Return all of the entries exactly, with nothing added or left out.

RECORDS FOR THE TASK ▸

++++++++++++++++++++

text \<open>For a forward dart, the distance from its head to the far end of the closing arc of
  its face; it decreases whenever the face turns.\<close>

definition face_measure :: "nat \<Rightarrow> int \<Rightarrow> nat" where
  "face_measure a e =
     (if enclosing a e \<noteq> {}
      then case innermost (enclosing a e) of (i, k) \<Rightarrow> nat (int k - (int a - int i) mod int n - e)
      else spoke_gap (int a + e))"

lemma face_measure_turn_less:
  assumes d: "Out a e \<in> darts n T" and e: "1 \<le> e" and v: "v = bmod n (int a + e)"
    and no_longer: "\<And>k. Ch (bmod n (int v - int k)) k \<in> T \<Longrightarrow> int k \<le> e"
    and "Sp v \<notin> T"
    and kk: "kk = 1 \<or> Ch v kk \<in> T" and longest: "\<And>k. Ch v k \<in> T \<Longrightarrow> k \<le> kk"
  shows "face_measure v (int kk) < face_measure a e"
proof -
  have "a < n" using d by (simp add: Out_in_darts_iff)
  have "v < n" using v bmod_less n_pos by simp
  have "1 \<le> kk" using kk by (rule one_le_segment_or_chord)
  have v_mod: "(int a + e) mod int n = int v" using v n_pos by (simp add: int_bmod)
  note same = enclosing_after_turn[OF d e v no_longer kk longest]
  show ?thesis
  proof (cases "enclosing a e = {}")
    case True
    have "spoke_gap (int a + e) = spoke_gap (int v)"
      using v_mod \<open>v < n\<close> by (intro spoke_gap_cong) simp
    also have "\<dots> = kk + spoke_gap (int v + int kk)"
      using no_spoke_below_chord[OF kk \<open>v < n\<close> \<open>Sp v \<notin> T\<close>] by (rule spoke_gap_skip)
    finally show ?thesis using True same \<open>1 \<le> kk\<close> unfolding face_measure_def by simp
  next
    case False
    obtain i k where ik: "innermost (enclosing a e) = (i, k)" by fastforce
    then have "(i, k) \<in> enclosing a e" using innermost_spec[OF False finite_enclosing] by simp
    then obtain c where c: "Ch i k \<in> T" "c mod int n = int i" "c \<le> int a" "int a + e < c + int k"
      using enclosing_beyond_head[OF \<open>a < n\<close> e v no_longer] by blast
    have "k \<le> n" using chord_bounds[OF c(1)] by simp
    then have "(int a - int i) mod int n = int a - c" "(int v - int i) mod int n = int a + e - c"
      using mod_diff_eq_offset[OF c(2) _ c(3)] mod_diff_eq_offset[OF c(2) v_mod] c(3,4) e
        \<open>a < n\<close> by auto
    then show ?thesis
      using False same ik c(4) \<open>1 \<le> kk\<close> unfolding face_measure_def by simp
  qed
qed

lemma face_arc_closing_dart: "a \<in> T \<Longrightarrow> face_arc (closing_dart a) = a"
proof (cases a)
  case (Ch i k)
  assume "a \<in> T"
  then have "i < n" "2 \<le> k" using Ch chord_bounds by auto
  then show ?thesis using Ch bmod_add_diff_cancel[of i n "int k"] by simp
qed simp

lemma Out_in_darts_closing:
  assumes "Out a e \<in> darts n T" "e < 1"
  obtains p k where "Ch p k \<in> T" "Out a e = closing_dart (Ch p k)"
proof -
  define p where "p = bmod n (int a + e)"
  have "a < n" "e \<le> -2" "Ch p (nat (- e)) \<in> T"
    using assms unfolding p_def by (auto simp: Out_in_darts_iff)
  moreover have "a = bmod n (int p + int (nat (- e)))"
    using bmod_add_diff_cancel[of a n e] calculation(1,2) unfolding p_def by simp
  ultimately show thesis using that[of p "nat (- e)"] by simp
qed

lemma nxt_Up_Down:
  assumes "Sp i \<in> T"
  obtains J where "Sp J \<in> T" "nxt n T (Up i) = Down J"
proof (cases "\<exists>j. Sp j \<in> T \<and> j < i")
  case True
  have "Max {j. Sp j \<in> T \<and> j < i} \<in> {j. Sp j \<in> T \<and> j < i}" by (rule Max_in) (use True in auto)
  then show thesis using that True by (simp add: nxt_Up)
next
  case False
  have "Max {j. Sp j \<in> T} \<in> {j. Sp j \<in> T}" by (rule Max_in[OF finite_spokes]) (use assms in auto)
  then show thesis using that False by (simp add: nxt_Up)
qed

lemma nxt_forward_face_arc:
  assumes d: "Out a e \<in> darts n T" and e: "1 \<le> e"
  shows "nxt n T (Out a e) \<in> darts n T \<and> face_arc (nxt n T (Out a e)) = face_arc (Out a e)"
proof -
  define v where "v = bmod n (int a + e)"
  have "a < n" using d by (simp add: Out_in_darts_iff)
  have "v < n" using v_def bmod_less n_pos by simp
  from v_def show ?thesis
  proof (cases rule: forward_dart_cases)
    case (chord_end k0)
    then show ?thesis
      using nxt_forward_to_chord_end[OF e v_def chord_end] chord_bounds[OF chord_end(1)]
        face_arc_forward_to_chord_end[OF \<open>a < n\<close> e v_def chord_end] \<open>v < n\<close>
      by (simp add: Out_in_darts_iff)
  next
    case spoke
    then show ?thesis
      using nxt_forward_to_spoke[OF e v_def spoke] face_arc_forward_to_spoke[OF \<open>a < n\<close> e v_def spoke]
      by simp
  next
    case (turn kk)
    then show ?thesis
      using nxt_forward_turn[OF e v_def turn] face_arc_forward_turn[OF d e v_def turn]
        \<open>v < n\<close> chord_bounds by (auto simp: Out_in_darts_iff)
  qed
qed

lemma nxt_in_darts_face_arc:
  assumes d: "d \<in> darts n T"
  shows "nxt n T d \<in> darts n T \<and> face_arc (nxt n T d) = face_arc d"
proof (cases d)
  case (Out a e)
  show ?thesis
  proof (cases "1 \<le> e")
    case True then show ?thesis using nxt_forward_face_arc d Out by simp
  next
    case False
    then obtain p k where pk: "Ch p k \<in> T" "d = closing_dart (Ch p k)"
      using Out_in_darts_closing d Out by (metis not_le)
    obtain kk where kk: "kk = 1 \<or> Ch p kk \<in> T" "kk < k" "\<And>j. Ch p j \<in> T \<Longrightarrow> j < k \<Longrightarrow> j \<le> kk"
      using longest_chord_below chord_bounds[OF pk(1)] by blast
    show ?thesis
      using nxt_closing_chord[OF pk(1) kk] face_arc_after_closing_chord[OF pk(1) kk]
        face_arc_closing_dart[OF pk(1)] chord_bounds kk(1) pk
      by (auto simp: Out_in_darts_iff)
  qed
next
  case (Up i)
  then have "Sp i \<in> T" using d by simp
  moreover obtain J where "Sp J \<in> T" "nxt n T (Up i) = Down J"
    using nxt_Up_Down calculation by blast
  ultimately show ?thesis using Up face_arc_after_Up[of i] by simp
next
  case (Down j)
  then have "Sp j \<in> T" using d by simp
  obtain kk where kk: "kk = 1 \<or> Ch j kk \<in> T" "\<And>k. Ch j k \<in> T \<Longrightarrow> k \<le> kk"
    using longest_chord by blast
  show ?thesis
    using nxt_Down[OF \<open>Sp j \<in> T\<close> kk] face_arc_after_Down[OF \<open>Sp j \<in> T\<close> kk] Down
      spoke_bound[OF \<open>Sp j \<in> T\<close>] chord_bounds kk(1) by (auto simp: Out_in_darts_iff)
qed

++++++++++++++++++++

ANSWER TO THE PROBLEM ▸
text \<open>For a forward dart, the distance from its head to the far end of the closing arc of
  its face; it decreases whenever the face turns.\<close>

definition face_measure :: "nat \<Rightarrow> int \<Rightarrow> nat" where
  "face_measure a e =
     (if enclosing a e \<noteq> {}
      then case innermost (enclosing a e) of (i, k) \<Rightarrow> nat (int k - (int a - int i) mod int n - e)
      else spoke_gap (int a + e))"

lemma face_measure_turn_less:
  assumes d: "Out a e \<in> darts n T" and e: "1 \<le> e" and v: "v = bmod n (int a + e)"
    and no_longer: "\<And>k. Ch (bmod n (int v - int k)) k \<in> T \<Longrightarrow> int k \<le> e"
    and "Sp v \<notin> T"
    and kk: "kk = 1 \<or> Ch v kk \<in> T" and longest: "\<And>k. Ch v k \<in> T \<Longrightarrow> k \<le> kk"
  shows "face_measure v (int kk) < face_measure a e"
proof -
  have "a < n" using d by (simp add: Out_in_darts_iff)
  have "v < n" using v bmod_less n_pos by simp
  have "1 \<le> kk" using kk by (rule one_le_segment_or_chord)
  have v_mod: "(int a + e) mod int n = int v" using v n_pos by (simp add: int_bmod)
  note same = enclosing_after_turn[OF d e v no_longer kk longest]
  show ?thesis
  proof (cases "enclosing a e = {}")
    case True
    have "spoke_gap (int a + e) = spoke_gap (int v)"
      using v_mod \<open>v < n\<close> by (intro spoke_gap_cong) simp
    also have "\<dots> = kk + spoke_gap (int v + int kk)"
      using no_spoke_below_chord[OF kk \<open>v < n\<close> \<open>Sp v \<notin> T\<close>] by (rule spoke_gap_skip)
    finally show ?thesis using True same \<open>1 \<le> kk\<close> unfolding face_measure_def by simp
  next
    case False
    obtain i k where ik: "innermost (enclosing a e) = (i, k)" by fastforce
    then have "(i, k) \<in> enclosing a e" using innermost_spec[OF False finite_enclosing] by simp
    then obtain c where c: "Ch i k \<in> T" "c mod int n = int i" "c \<le> int a" "int a + e < c + int k"
      using enclosing_beyond_head[OF \<open>a < n\<close> e v no_longer] by blast
    have "k \<le> n" using chord_bounds[OF c(1)] by simp
    then have "(int a - int i) mod int n = int a - c" "(int v - int i) mod int n = int a + e - c"
      using mod_diff_eq_offset[OF c(2) _ c(3)] mod_diff_eq_offset[OF c(2) v_mod] c(3,4) e
        \<open>a < n\<close> by auto
    then show ?thesis
      using False same ik c(4) \<open>1 \<le> kk\<close> unfolding face_measure_def by simp
  qed
qed

lemma face_arc_closing_dart: "a \<in> T \<Longrightarrow> face_arc (closing_dart a) = a"
proof (cases a)
  case (Ch i k)
  assume "a \<in> T"
  then have "i < n" "2 \<le> k" using Ch chord_bounds by auto
  then show ?thesis using Ch bmod_add_diff_cancel[of i n "int k"] by simp
qed simp

lemma Out_in_darts_closing:
  assumes "Out a e \<in> darts n T" "e < 1"
  obtains p k where "Ch p k \<in> T" "Out a e = closing_dart (Ch p k)"
proof -
  define p where "p = bmod n (int a + e)"
  have "a < n" "e \<le> -2" "Ch p (nat (- e)) \<in> T"
    using assms unfolding p_def by (auto simp: Out_in_darts_iff)
  moreover have "a = bmod n (int p + int (nat (- e)))"
    using bmod_add_diff_cancel[of a n e] calculation(1,2) unfolding p_def by simp
  ultimately show thesis using that[of p "nat (- e)"] by simp
qed

lemma nxt_Up_Down:
  assumes "Sp i \<in> T"
  obtains J where "Sp J \<in> T" "nxt n T (Up i) = Down J"
proof (cases "\<exists>j. Sp j \<in> T \<and> j < i")
  case True
  have "Max {j. Sp j \<in> T \<and> j < i} \<in> {j. Sp j \<in> T \<and> j < i}" by (rule Max_in) (use True in auto)
  then show thesis using that True by (simp add: nxt_Up)
next
  case False
  have "Max {j. Sp j \<in> T} \<in> {j. Sp j \<in> T}" by (rule Max_in[OF finite_spokes]) (use assms in auto)
  then show thesis using that False by (simp add: nxt_Up)
qed

lemma nxt_forward_face_arc:
  assumes d: "Out a e \<in> darts n T" and e: "1 \<le> e"
  shows "nxt n T (Out a e) \<in> darts n T \<and> face_arc (nxt n T (Out a e)) = face_arc (Out a e)"
proof -
  define v where "v = bmod n (int a + e)"
  have "a < n" using d by (simp add: Out_in_darts_iff)
  have "v < n" using v_def bmod_less n_pos by simp
  from v_def show ?thesis
  proof (cases rule: forward_dart_cases)
    case (chord_end k0)
    then show ?thesis
      using nxt_forward_to_chord_end[OF e v_def chord_end] chord_bounds[OF chord_end(1)]
        face_arc_forward_to_chord_end[OF \<open>a < n\<close> e v_def chord_end] \<open>v < n\<close>
      by (simp add: Out_in_darts_iff)
  next
    case spoke
    then show ?thesis
      using nxt_forward_to_spoke[OF e v_def spoke] face_arc_forward_to_spoke[OF \<open>a < n\<close> e v_def spoke]
      by simp
  next
    case (turn kk)
    then show ?thesis
      using nxt_forward_turn[OF e v_def turn] face_arc_forward_turn[OF d e v_def turn]
        \<open>v < n\<close> chord_bounds by (auto simp: Out_in_darts_iff)
  qed
qed

lemma nxt_in_darts_face_arc:
  assumes d: "d \<in> darts n T"
  shows "nxt n T d \<in> darts n T \<and> face_arc (nxt n T d) = face_arc d"
proof (cases d)
  case (Out a e)
  show ?thesis
  proof (cases "1 \<le> e")
    case True then show ?thesis using nxt_forward_face_arc d Out by simp
  next
    case False
    then obtain p k where pk: "Ch p k \<in> T" "d = closing_dart (Ch p k)"
      using Out_in_darts_closing d Out by (metis not_le)
    obtain kk where kk: "kk = 1 \<or> Ch p kk \<in> T" "kk < k" "\<And>j. Ch p j \<in> T \<Longrightarrow> j < k \<Longrightarrow> j \<le> kk"
      using longest_chord_below chord_bounds[OF pk(1)] by blast
    show ?thesis
      using nxt_closing_chord[OF pk(1) kk] face_arc_after_closing_chord[OF pk(1) kk]
        face_arc_closing_dart[OF pk(1)] chord_bounds kk(1) pk
      by (auto simp: Out_in_darts_iff)
  qed
next
  case (Up i)
  then have "Sp i \<in> T" using d by simp
  moreover obtain J where "Sp J \<in> T" "nxt n T (Up i) = Down J"
    using nxt_Up_Down calculation by blast
  ultimately show ?thesis using Up face_arc_after_Up[of i] by simp
next
  case (Down j)
  then have "Sp j \<in> T" using d by simp
  obtain kk where kk: "kk = 1 \<or> Ch j kk \<in> T" "\<And>k. Ch j k \<in> T \<Longrightarrow> k \<le> kk"
    using longest_chord by blast
  show ?thesis
    using nxt_Down[OF \<open>Sp j \<in> T\<close> kk] face_arc_after_Down[OF \<open>Sp j \<in> T\<close> kk] Down
      spoke_bound[OF \<open>Sp j \<in> T\<close>] chord_bounds kk(1) by (auto simp: Out_in_darts_iff)
qed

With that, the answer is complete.